• _Task to complete_: Return each line of the records below that contains the word "btil".

• _Supplied entries_:

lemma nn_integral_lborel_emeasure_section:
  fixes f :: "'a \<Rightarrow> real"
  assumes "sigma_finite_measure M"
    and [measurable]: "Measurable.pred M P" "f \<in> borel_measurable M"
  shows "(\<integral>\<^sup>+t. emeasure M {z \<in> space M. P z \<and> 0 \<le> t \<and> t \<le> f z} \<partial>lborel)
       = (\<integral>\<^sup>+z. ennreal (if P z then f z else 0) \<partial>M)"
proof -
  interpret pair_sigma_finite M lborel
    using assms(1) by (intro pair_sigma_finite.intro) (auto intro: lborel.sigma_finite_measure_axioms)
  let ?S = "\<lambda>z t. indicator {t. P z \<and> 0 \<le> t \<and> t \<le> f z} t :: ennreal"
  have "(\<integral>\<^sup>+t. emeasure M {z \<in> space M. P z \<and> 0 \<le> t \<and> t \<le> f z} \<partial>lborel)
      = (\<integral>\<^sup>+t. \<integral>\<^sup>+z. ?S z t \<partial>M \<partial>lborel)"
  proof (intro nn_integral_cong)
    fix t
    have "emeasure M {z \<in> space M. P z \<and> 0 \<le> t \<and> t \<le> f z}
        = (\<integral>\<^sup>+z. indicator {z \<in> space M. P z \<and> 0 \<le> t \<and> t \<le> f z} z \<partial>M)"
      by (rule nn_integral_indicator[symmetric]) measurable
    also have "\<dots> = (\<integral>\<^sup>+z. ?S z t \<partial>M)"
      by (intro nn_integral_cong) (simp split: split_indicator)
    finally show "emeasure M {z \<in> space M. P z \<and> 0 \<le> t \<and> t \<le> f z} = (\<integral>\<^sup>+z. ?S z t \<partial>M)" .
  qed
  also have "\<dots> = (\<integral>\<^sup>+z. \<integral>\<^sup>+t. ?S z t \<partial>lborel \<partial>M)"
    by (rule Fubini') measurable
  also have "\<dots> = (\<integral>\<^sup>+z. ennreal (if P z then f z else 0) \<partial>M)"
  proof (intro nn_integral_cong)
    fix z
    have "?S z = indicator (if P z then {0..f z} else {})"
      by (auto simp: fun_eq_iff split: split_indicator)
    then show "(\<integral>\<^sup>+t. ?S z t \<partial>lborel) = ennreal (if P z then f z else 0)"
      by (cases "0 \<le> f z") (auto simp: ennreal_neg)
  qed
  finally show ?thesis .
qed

...

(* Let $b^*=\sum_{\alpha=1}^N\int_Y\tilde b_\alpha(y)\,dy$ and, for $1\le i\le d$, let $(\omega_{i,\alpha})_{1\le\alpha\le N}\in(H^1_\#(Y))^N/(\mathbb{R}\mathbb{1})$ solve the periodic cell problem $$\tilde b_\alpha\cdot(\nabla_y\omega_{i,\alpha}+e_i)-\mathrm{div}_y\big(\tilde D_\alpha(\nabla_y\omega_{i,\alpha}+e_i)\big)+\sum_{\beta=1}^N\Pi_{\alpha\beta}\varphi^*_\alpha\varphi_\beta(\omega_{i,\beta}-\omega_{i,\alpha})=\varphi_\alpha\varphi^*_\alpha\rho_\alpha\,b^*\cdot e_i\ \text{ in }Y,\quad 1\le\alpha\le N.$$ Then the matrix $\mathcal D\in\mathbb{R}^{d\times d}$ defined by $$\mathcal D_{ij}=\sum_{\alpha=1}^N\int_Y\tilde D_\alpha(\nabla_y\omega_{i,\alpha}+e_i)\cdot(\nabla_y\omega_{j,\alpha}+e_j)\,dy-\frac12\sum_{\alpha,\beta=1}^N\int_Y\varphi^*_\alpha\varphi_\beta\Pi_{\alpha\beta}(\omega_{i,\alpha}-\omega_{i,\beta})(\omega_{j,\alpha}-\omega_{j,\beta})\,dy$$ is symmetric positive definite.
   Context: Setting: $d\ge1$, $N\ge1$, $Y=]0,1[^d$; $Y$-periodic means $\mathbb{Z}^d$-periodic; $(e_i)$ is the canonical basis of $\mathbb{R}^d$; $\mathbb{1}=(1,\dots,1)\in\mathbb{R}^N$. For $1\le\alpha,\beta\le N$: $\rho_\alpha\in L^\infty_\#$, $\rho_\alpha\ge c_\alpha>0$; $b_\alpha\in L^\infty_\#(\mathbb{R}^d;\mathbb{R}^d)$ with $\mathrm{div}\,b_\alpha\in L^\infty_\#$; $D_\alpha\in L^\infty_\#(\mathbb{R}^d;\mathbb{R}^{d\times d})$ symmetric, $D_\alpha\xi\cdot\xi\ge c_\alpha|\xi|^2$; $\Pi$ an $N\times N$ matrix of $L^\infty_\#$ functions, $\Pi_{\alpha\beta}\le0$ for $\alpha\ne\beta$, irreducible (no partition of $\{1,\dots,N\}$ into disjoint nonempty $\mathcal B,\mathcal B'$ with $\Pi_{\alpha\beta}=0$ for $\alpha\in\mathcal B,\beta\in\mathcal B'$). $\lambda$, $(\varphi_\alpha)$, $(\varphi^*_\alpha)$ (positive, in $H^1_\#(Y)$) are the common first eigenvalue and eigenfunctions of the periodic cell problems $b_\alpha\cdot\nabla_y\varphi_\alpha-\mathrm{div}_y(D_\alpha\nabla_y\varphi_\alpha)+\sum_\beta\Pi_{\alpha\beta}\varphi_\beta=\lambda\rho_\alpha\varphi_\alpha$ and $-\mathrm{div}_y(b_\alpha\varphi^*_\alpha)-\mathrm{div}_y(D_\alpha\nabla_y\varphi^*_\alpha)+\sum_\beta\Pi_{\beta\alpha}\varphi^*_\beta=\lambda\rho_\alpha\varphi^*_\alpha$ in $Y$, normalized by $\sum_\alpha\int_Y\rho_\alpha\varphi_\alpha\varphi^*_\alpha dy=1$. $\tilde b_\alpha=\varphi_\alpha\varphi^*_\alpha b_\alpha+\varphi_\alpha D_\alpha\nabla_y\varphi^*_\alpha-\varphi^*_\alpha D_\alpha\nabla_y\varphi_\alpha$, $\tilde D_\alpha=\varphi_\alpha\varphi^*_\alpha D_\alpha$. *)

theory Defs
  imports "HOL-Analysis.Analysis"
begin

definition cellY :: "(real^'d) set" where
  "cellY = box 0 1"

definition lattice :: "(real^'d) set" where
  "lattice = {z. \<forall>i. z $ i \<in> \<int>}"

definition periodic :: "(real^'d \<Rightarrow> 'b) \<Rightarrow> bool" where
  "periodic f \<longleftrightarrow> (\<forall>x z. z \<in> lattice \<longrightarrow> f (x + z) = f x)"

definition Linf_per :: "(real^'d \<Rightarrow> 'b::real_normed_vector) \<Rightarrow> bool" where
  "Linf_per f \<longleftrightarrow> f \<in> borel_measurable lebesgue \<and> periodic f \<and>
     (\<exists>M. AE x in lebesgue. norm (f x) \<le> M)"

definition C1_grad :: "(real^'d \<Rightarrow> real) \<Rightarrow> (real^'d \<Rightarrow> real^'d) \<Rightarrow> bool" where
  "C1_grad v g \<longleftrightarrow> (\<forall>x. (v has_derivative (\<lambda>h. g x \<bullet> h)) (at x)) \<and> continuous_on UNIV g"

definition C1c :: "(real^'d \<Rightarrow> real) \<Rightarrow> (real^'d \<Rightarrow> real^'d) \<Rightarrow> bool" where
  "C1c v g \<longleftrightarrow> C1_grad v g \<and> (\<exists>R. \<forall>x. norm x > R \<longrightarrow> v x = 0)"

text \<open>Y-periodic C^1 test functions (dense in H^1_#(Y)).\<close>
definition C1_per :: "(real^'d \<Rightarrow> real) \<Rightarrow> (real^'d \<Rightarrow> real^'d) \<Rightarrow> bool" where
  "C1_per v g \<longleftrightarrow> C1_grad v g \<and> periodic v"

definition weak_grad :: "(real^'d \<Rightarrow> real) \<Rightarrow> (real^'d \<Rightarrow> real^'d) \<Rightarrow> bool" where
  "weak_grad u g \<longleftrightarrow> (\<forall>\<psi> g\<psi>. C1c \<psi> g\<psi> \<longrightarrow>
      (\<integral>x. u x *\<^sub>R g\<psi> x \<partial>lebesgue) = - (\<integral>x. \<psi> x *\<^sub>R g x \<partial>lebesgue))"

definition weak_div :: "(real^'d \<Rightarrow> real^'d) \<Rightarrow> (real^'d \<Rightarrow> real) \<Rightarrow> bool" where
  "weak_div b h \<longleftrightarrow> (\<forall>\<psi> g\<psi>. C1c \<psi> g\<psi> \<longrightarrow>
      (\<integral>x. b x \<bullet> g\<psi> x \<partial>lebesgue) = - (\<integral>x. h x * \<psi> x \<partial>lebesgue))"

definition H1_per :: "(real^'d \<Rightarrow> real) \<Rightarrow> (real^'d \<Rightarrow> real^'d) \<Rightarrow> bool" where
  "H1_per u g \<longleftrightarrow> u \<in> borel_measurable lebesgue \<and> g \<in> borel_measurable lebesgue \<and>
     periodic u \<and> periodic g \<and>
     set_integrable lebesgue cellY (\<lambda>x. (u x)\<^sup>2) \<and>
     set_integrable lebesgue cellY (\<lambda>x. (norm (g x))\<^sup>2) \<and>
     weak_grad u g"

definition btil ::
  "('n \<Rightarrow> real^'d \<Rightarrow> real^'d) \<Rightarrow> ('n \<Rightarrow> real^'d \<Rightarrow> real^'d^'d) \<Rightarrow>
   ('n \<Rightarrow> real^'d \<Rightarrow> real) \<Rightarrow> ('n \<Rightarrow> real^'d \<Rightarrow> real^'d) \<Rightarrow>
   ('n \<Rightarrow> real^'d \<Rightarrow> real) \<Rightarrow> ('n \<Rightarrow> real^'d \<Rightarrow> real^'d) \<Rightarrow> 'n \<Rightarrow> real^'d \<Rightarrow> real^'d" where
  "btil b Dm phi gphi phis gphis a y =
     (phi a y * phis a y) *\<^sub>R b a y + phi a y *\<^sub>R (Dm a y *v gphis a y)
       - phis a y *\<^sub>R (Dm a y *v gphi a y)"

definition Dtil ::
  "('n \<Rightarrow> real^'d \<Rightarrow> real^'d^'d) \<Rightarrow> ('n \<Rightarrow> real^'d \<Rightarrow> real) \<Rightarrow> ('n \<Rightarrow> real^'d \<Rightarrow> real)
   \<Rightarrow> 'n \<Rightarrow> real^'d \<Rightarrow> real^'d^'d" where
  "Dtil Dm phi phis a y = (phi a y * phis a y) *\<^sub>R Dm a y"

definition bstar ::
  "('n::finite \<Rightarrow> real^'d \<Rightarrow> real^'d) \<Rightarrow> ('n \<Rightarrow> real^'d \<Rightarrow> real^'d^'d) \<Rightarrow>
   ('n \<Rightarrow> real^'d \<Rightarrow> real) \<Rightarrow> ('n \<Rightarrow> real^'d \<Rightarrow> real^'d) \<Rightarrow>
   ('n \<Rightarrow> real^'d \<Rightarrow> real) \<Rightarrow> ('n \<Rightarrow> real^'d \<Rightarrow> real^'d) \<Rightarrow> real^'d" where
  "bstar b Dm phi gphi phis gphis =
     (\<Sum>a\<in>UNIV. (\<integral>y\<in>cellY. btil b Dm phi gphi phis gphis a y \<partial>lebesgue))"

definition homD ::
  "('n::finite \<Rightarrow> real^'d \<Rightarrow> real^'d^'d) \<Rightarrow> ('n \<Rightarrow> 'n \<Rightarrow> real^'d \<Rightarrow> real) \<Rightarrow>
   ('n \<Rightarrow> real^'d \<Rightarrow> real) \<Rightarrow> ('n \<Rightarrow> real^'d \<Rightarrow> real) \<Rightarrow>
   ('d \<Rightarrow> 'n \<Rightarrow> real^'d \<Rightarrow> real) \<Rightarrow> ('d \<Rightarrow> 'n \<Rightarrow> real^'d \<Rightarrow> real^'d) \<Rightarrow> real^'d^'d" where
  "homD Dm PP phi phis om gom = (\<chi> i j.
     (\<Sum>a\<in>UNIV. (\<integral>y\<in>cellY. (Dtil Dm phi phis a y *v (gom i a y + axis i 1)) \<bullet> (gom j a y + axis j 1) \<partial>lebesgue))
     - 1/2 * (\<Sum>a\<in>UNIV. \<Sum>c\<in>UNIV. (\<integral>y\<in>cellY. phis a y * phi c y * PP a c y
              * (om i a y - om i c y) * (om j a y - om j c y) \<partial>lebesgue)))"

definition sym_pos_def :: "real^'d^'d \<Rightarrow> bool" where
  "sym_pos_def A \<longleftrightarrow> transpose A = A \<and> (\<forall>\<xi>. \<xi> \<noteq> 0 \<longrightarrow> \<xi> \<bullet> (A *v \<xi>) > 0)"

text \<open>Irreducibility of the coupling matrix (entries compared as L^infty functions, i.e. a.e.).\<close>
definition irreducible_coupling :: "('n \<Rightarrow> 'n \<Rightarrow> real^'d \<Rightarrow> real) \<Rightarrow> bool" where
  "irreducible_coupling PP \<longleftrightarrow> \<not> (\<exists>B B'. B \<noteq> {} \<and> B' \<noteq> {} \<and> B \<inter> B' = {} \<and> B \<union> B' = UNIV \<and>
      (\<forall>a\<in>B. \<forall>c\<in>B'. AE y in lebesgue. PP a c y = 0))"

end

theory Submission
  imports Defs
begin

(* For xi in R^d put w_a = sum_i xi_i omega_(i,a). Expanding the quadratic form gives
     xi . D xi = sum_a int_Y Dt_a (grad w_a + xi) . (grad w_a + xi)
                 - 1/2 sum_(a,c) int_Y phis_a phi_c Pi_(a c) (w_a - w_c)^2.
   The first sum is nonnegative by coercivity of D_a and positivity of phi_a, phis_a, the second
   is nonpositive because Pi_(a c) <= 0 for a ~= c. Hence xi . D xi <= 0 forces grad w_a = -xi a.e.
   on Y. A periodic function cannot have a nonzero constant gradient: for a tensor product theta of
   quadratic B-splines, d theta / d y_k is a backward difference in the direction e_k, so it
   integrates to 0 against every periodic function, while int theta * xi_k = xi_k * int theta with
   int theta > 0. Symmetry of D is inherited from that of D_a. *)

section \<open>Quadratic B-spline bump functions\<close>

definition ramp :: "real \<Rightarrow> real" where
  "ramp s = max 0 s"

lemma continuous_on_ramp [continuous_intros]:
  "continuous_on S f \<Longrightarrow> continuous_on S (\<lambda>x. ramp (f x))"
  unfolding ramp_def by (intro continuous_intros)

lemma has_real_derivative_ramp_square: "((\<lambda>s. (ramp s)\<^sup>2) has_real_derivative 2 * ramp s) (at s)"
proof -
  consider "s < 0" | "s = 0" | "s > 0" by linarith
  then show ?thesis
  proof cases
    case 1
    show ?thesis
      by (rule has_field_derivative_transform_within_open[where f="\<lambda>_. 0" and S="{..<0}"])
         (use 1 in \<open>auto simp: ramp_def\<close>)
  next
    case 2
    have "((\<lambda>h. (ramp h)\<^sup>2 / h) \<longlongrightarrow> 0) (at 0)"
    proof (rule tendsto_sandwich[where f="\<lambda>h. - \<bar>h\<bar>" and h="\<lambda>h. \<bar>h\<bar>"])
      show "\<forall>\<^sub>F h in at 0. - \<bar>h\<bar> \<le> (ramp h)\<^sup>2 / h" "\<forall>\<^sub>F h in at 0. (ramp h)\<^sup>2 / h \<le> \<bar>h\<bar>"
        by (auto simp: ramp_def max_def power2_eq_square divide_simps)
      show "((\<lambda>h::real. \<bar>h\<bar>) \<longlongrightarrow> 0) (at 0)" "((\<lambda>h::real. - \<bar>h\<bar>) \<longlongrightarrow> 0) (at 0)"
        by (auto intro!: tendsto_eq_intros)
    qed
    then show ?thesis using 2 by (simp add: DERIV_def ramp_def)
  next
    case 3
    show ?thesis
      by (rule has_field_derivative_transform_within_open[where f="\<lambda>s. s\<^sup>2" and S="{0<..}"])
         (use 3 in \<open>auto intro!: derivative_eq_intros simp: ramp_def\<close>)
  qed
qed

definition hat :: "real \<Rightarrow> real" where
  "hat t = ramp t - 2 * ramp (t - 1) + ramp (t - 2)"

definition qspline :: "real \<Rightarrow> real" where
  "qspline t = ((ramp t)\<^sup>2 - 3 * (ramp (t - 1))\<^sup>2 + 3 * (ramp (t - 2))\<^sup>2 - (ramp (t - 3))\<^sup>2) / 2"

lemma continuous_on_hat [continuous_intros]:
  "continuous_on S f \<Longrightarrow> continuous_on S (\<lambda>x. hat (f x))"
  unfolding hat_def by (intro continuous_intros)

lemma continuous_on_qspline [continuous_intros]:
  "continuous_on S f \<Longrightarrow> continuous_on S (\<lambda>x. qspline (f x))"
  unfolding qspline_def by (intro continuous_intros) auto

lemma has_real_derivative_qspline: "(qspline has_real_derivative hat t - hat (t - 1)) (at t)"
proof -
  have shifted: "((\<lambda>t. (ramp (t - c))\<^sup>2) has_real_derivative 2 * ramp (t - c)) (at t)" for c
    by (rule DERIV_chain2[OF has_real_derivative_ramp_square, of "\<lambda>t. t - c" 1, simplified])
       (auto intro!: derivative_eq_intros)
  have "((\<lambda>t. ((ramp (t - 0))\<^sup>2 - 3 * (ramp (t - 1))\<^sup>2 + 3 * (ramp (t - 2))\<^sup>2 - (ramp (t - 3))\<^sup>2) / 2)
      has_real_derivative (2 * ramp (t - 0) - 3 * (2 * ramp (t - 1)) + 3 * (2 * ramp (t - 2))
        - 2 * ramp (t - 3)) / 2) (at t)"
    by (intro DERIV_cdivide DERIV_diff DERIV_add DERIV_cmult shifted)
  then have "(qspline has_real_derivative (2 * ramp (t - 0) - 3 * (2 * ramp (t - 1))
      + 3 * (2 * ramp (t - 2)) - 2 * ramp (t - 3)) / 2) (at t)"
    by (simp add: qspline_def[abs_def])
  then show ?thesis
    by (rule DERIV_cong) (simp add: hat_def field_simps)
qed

• _Output of the task_:
definition btil ::
  "btil b Dm phi gphi phis gphis a y =
     (\<Sum>a\<in>UNIV. (\<integral>y\<in>cellY. btil b Dm phi gphi phis gphis a y \<partial>lebesgue))"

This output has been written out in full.